Sometimes I believe good theater has to be bad business. More precisely, the big site-specific arena that is our system gives no value to The Marat Sade, so you have to re-invent the values and means of barter in a temporary autonomous zone as Hakim Bey suggests. The system also dismisses the voices and knowledge of individuals like a Tootsie or a Mike Nightmare. Mike once told me the story of how he escaped a mental hospital. And even though it was all behind him at that point, he still found himself fantasizing sometimes about stalking and kidnapping the psych doctor who had ordered his electroshock treatment. He fantasized putting jumper cables from his car battery on the doctor’s temples. I still remember his distinctly deep, crackling voice telling me this. The good doctor or Mike, or both, were lucky Mike Nightmare found the Wild Things and temporary autonomous zones like The Marat Sade to sublimate and stage his rage.

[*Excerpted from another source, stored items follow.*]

lemma bideal_Inter:
  assumes "F \<noteq> {}" "\<forall>J\<in>F. bideal n J"
  shows "bideal n (\<Inter>F)"
  unfolding bideal_def
proof (intro conjI ballI)
  show "\<Inter>F \<subseteq> bpolys n" using assms bideal_subset by blast
  show "bzero \<in> \<Inter>F" using assms bzero_mem_bideal by blast
next
  fix f g assume "f \<in> \<Inter>F" "g \<in> \<Inter>F"
  then show "badd f g \<in> \<Inter>F" using assms badd_mem_bideal by blast
next
  fix f g assume "f \<in> \<Inter>F" "g \<in> bpolys n"
  then show "bmul g f \<in> \<Inter>F" using assms bmul_mem_bideal by blast
qed

lemma bideal_bideal_gen: "S \<subseteq> bpolys n \<Longrightarrow> bideal n (bideal_gen n S)"
  unfolding bideal_gen_def using bideal_bpolys by (intro bideal_Inter) auto

lemma bideal_gen_least: "bideal n J \<Longrightarrow> S \<subseteq> J \<Longrightarrow> bideal_gen n S \<subseteq> J"
  unfolding bideal_gen_def by auto

lemma bideal_gen_superset: "S \<subseteq> bideal_gen n S"
  unfolding bideal_gen_def by auto

lemma bideal_gen_mono: "S \<subseteq> T \<Longrightarrow> bideal_gen n S \<subseteq> bideal_gen n T"
  unfolding bideal_gen_def by auto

I’m sure that Peter Brook and RSC gave the definitive production of “The Persecution and Assassination of Jean-Paul Marat as Performed by the Inmates of the Asylum at Charenton under the Direction of the Marquis de Sade.” That script was written for an audience similar to the play-within-the-play’s genteel 1808 Paris audience that watched the inmates of the title perform. Site-specific for Peter Weiss’s play is in the largest granted and subsidized theater Western Culture can create.

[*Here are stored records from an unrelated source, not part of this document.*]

(* Let $X$ be a strongly connected finite digraph with $\delta(X)=0$. Then there exists a nonzero integer $m(X)$ such that $$g_X^*(1)=m(X)\cdot\#\mathrm{BF}(X)_{\rm tors}.$$
   Context: A digraph $X=(V_X,E_X)$ has incidence map $e\mapsto(o(e),t(e))$; it is strongly connected if for any two distinct vertices there is a directed path from the first to the second. For finite $X$: $\mathcal{A}_X:\mathbb{Z}V_X\to\mathbb{Z}V_X$, $v\mapsto\sum_{e:o(e)=v}t(e)$; Bowen--Franks operator $\mathcal{BF}_X=\mathcal{I}-\mathcal{A}_X$; $\mathrm{BF}(X)=\mathrm{coker}(\mathcal{BF}_X)$. $g_X(u)=\det(\mathcal{I}-\mathcal{A}_Xu)\in\mathbb{Z}[u]$; $r_X=\mathrm{ord}_{u=1}g_X(u)$; $g_X^*(1)$ is the first non-vanishing coefficient of the Taylor expansion of $g_X$ at $u=1$ (i.e. the coefficient of $(u-1)^{r_X}$). $\delta(X)=r_X-\mathrm{rank}_{\mathbb{Z}}\mathrm{BF}(X)$. *)

theory Defs
  imports "Graph_Theory.Digraph" "Graph_Theory.Digraph_Component"
    "HOL-Combinatorics.Permutations" "HOL-Computational_Algebra.Polynomial"
begin

text \<open>A finite digraph X is a fin_digraph G (multiple arcs and loops allowed),
  with o = tail G and t = head G.\<close>

text \<open>Number of arcs from v to w: coefficient of w in A_X(v).\<close>
definition adj :: "('v,'e) pre_digraph \<Rightarrow> 'v \<Rightarrow> 'v \<Rightarrow> int" where
  "adj G v w = int (card {e \<in> arcs G. tail G e = v \<and> head G e = w})"

text \<open>The free abelian group Z V_X, as finitely supported integer functions on verts.\<close>
definition ZV :: "('v,'e) pre_digraph \<Rightarrow> ('v \<Rightarrow> int) set" where
  "ZV G = {f. \<forall>v. v \<notin> verts G \<longrightarrow> f v = 0}"

text \<open>The Bowen--Franks operator I - A_X acting on Z V_X
  (A_X sends the basis vector v to the sum of t(e) over arcs e with o(e) = v).\<close>
definition bf_op :: "('v,'e) pre_digraph \<Rightarrow> ('v \<Rightarrow> int) \<Rightarrow> ('v \<Rightarrow> int)" where
  "bf_op G f = (\<lambda>w. if w \<in> verts G then f w - (\<Sum>v\<in>verts G. f v * adj G v w) else 0)"

definition bf_image :: "('v,'e) pre_digraph \<Rightarrow> ('v \<Rightarrow> int) set" where
  "bf_image G = bf_op G ` ZV G"

text \<open>Congruence modulo the image: BF(X) = ZV G // bf_rel G.\<close>
definition bf_rel :: "('v,'e) pre_digraph \<Rightarrow> (('v \<Rightarrow> int) \<times> ('v \<Rightarrow> int)) set" where
  "bf_rel G = {(x,y). x \<in> ZV G \<and> y \<in> ZV G \<and> x - y \<in> bf_image G}"

definition bf_tors_reps :: "('v,'e) pre_digraph \<Rightarrow> ('v \<Rightarrow> int) set" where
  "bf_tors_reps G = {x \<in> ZV G. \<exists>k::int. k \<noteq> 0 \<and> (\<lambda>w. k * x w) \<in> bf_image G}"

definition bf_tors_card :: "('v,'e) pre_digraph \<Rightarrow> nat" where
  "bf_tors_card G = card (bf_tors_reps G // bf_rel G)"

definition bf_rank :: "('v,'e) pre_digraph \<Rightarrow> nat" where
  "bf_rank G = Max {card S | S. finite S \<and> S \<subseteq> ZV G \<and>
      (\<forall>c :: ('v \<Rightarrow> int) \<Rightarrow> int.
         (\<lambda>w. \<Sum>s\<in>S. c s * s w) \<in> bf_image G \<longrightarrow> (\<forall>s\<in>S. c s = 0))}"

definition det_on :: "'v set \<Rightarrow> ('v \<Rightarrow> 'v \<Rightarrow> 'a::comm_ring_1) \<Rightarrow> 'a" where
  "det_on V M = (\<Sum>p \<in> {p. p permutes V}. of_int (sign p) * (\<Prod>v\<in>V. M v (p v)))"

definition gX :: "('v,'e) pre_digraph \<Rightarrow> int poly" where
  "gX G = det_on (verts G) (\<lambda>v w. (if v = w then 1 else 0) - [:0, adj G v w:])"

definition rX :: "('v,'e) pre_digraph \<Rightarrow> nat" where
  "rX G = order 1 (gX G)"

text \<open>g_X^*(1): coefficient of (u-1)^{r_X} in the Taylor expansion of g_X at 1.\<close>
definition gX_star :: "('v,'e) pre_digraph \<Rightarrow> int" where
  "gX_star G = coeff (pcompose (gX G) [:1, 1:]) (rX G)"

definition delta :: "('v,'e) pre_digraph \<Rightarrow> int" where
  "delta G = int (rX G) - int (bf_rank G)"

end

(* With N = I - A and C = -A one has g_X(1 + x) = det(N + x C). Integer row additions,
   column additions and column swaps, applied to N and C simultaneously, change det(N + x C)
   at most by a sign, leave the image of N unchanged (row operations) or move it by a linear
   automorphism of Z^V (column operations), so BF(X) = Z^V / image N keeps its torsion order
   and rank. A Euclidean elimination brings N to diagonal form. Then the torsion order is
   |d| for d the product of the nonzero diagonal entries, the rank is the number r of zero
   diagonal entries, and every term of the Leibniz expansion of det(N + x C) contributes a
   multiple of d to the coefficient of x^r. As delta(X) = 0, r = r_X and this coefficient is
   +-g_X^*(1), which is nonzero because g_X(0) = 1. *)

theory Submission
  imports Defs
begin

section \<open>Determinants and polynomials\<close>

lemma det_on_transpose:
  assumes "finite V"
  shows "det_on V (\<lambda>v w. M w v) = det_on V M"
proof -
  have "det_on V M = (\<Sum>p \<in> {p. p permutes V}. of_int (sign (inv p)) * (\<Prod>v\<in>V. M v (inv p v)))"
    unfolding det_on_def by (rule sum_permutations_inverse)
  also have "\<dots> = (\<Sum>p \<in> {p. p permutes V}. of_int (sign p) * (\<Prod>v\<in>V. M (p v) v))"
  proof (rule sum.cong[OF refl])
    fix p assume "p \<in> {p. p permutes V}"
    then have p: "p permutes V" by simp
    have "sign (inv p) = sign p"
      using sign_inverse permutes_imp_permutation[OF assms p] by blast
    moreover have "(\<Prod>v\<in>V. M (p v) v) = (\<Prod>v\<in>V. M v (inv p v))"
      using prod.permutes_inv[OF p, of "\<lambda>a b. M a b"] by simp
    ultimately show "of_int (sign (inv p)) * (\<Prod>v\<in>V. M v (inv p v))
        = of_int (sign p) * (\<Prod>v\<in>V. M (p v) v)"
      by simp
  qed
  finally show ?thesis unfolding det_on_def by simp
qed

lemma det_on_swap_cols:
  assumes "finite V" "i \<in> V" "k \<in> V" "i \<noteq> k"
  shows "det_on V (\<lambda>v w. M v (transpose i k w)) = - det_on V M"
proof -
  have t: "transpose i k permutes V" using assms by (simp add: permutes_swap_id)
  have "det_on V M = (\<Sum>p \<in> {p. p permutes V}.
      of_int (sign (transpose i k \<circ> p)) * (\<Prod>v\<in>V. M v ((transpose i k \<circ> p) v)))"
    unfolding det_on_def by (rule setum_permutations_compose_left[OF t])
  also have "\<dots> = (\<Sum>p \<in> {p. p permutes V}. - (of_int (sign p) * (\<Prod>v\<in>V. M v (transpose i k (p v)))))"
  proof (rule sum.cong[OF refl])
    fix p assume "p \<in> {p. p permutes V}"
    then have p: "p permutes V" by simp
    have "sign (transpose i k \<circ> p) = sign (transpose i k) * sign p"
      using permutes_imp_permutation[OF assms(1) p] permutes_imp_permutation[OF assms(1) t]
      by (rule sign_compose[rotated])
    then have "sign (transpose i k \<circ> p) = - sign p" using assms(4) by (simp add: sign_swap_id)
    then show "of_int (sign (transpose i k \<circ> p)) * (\<Prod>v\<in>V. M v ((transpose i k \<circ> p) v))
        = - (of_int (sign p) * (\<Prod>v\<in>V. M v (transpose i k (p v))))"
      by simp
  qed
  finally show ?thesis unfolding det_on_def by (simp add: sum_negf)
qed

The Marat Sade in Toronto found a different site-specific venue somewhere just outside what it viewed as the Western Kultur. The punks represented part of that site. The actors in an alternative theater scene represented another part. Tootsie and the other On Our Own ex-mental patients represented still another.

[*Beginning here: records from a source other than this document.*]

lemma unique_max_prod_jsubset:
  fixes d :: "nat \<Rightarrow> real"
  assumes pos: "\<And>i. i < n \<Longrightarrow> 0 < d i"
    and distinct: "\<And>i k. i < n \<Longrightarrow> k < n \<Longrightarrow> i \<noteq> k \<Longrightarrow> d i \<noteq> d k"
    and "j \<le> n"
  shows "\<exists>S0\<in>jsubsets n j. \<forall>S\<in>jsubsets n j. S \<noteq> S0 \<longrightarrow> prod d S < prod d S0"
proof -
  have "{0..<j} \<in> jsubsets n j" using \<open>j \<le> n\<close> by (auto simp: jsubsets_def)
  then have "Max (prod d ` jsubsets n j) \<in> prod d ` jsubsets n j"
    using finite_jsubsets by (intro Max_in) auto
  then obtain S0 where S0: "S0 \<in> jsubsets n j" and "prod d S0 = Max (prod d ` jsubsets n j)" by auto
  then have max: "prod d S \<le> prod d S0" if "S \<in> jsubsets n j" for S
    using that finite_jsubsets by simp
  have "prod d S < prod d S0" if S: "S \<in> jsubsets n j" "S \<noteq> S0" for S
  proof (rule prod_less_by_exchange)
    show "finite S" "finite S0" "card S = card S0" using S S0 by (auto simp: jsubsets_def finite_subset)
    show "0 < d i" if "i \<in> S \<union> S0" for i using that S S0 pos by (auto simp: jsubsets_def)
    show "d b < d a" if "a \<in> S0 - S" "b \<in> S - S0" for a b
      using that S S0 max_prod_jsubset_exchange[OF pos S0 max, of a b] distinct[of a b]
      by (force simp: jsubsets_def order_less_le)
  qed (use S in simp)
  with S0 show ?thesis by blast
qed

When I call up in my mind a defining image of The Marat Sade, I think of Tootsie saying goodnight to me after our opening night performance at the Theater Centre. Walking east on King Street, alone with his two huge suitcases, he appears in my mind more heroic and larger-than-life than any other real person I’ve ever known. But then I remember that somewhere on his walk home to his halfway house, he probably found the last poster in 1984 Toronto without a crayon graffiti on it. When I think of him scrawling “The Marat Sades are coming!” on that last poster, my belly laugh becomes so violent it turns into tears. It is then that I realize that Tootsie wasn’t a larger-than-life hero, but just crazy like the rest of us.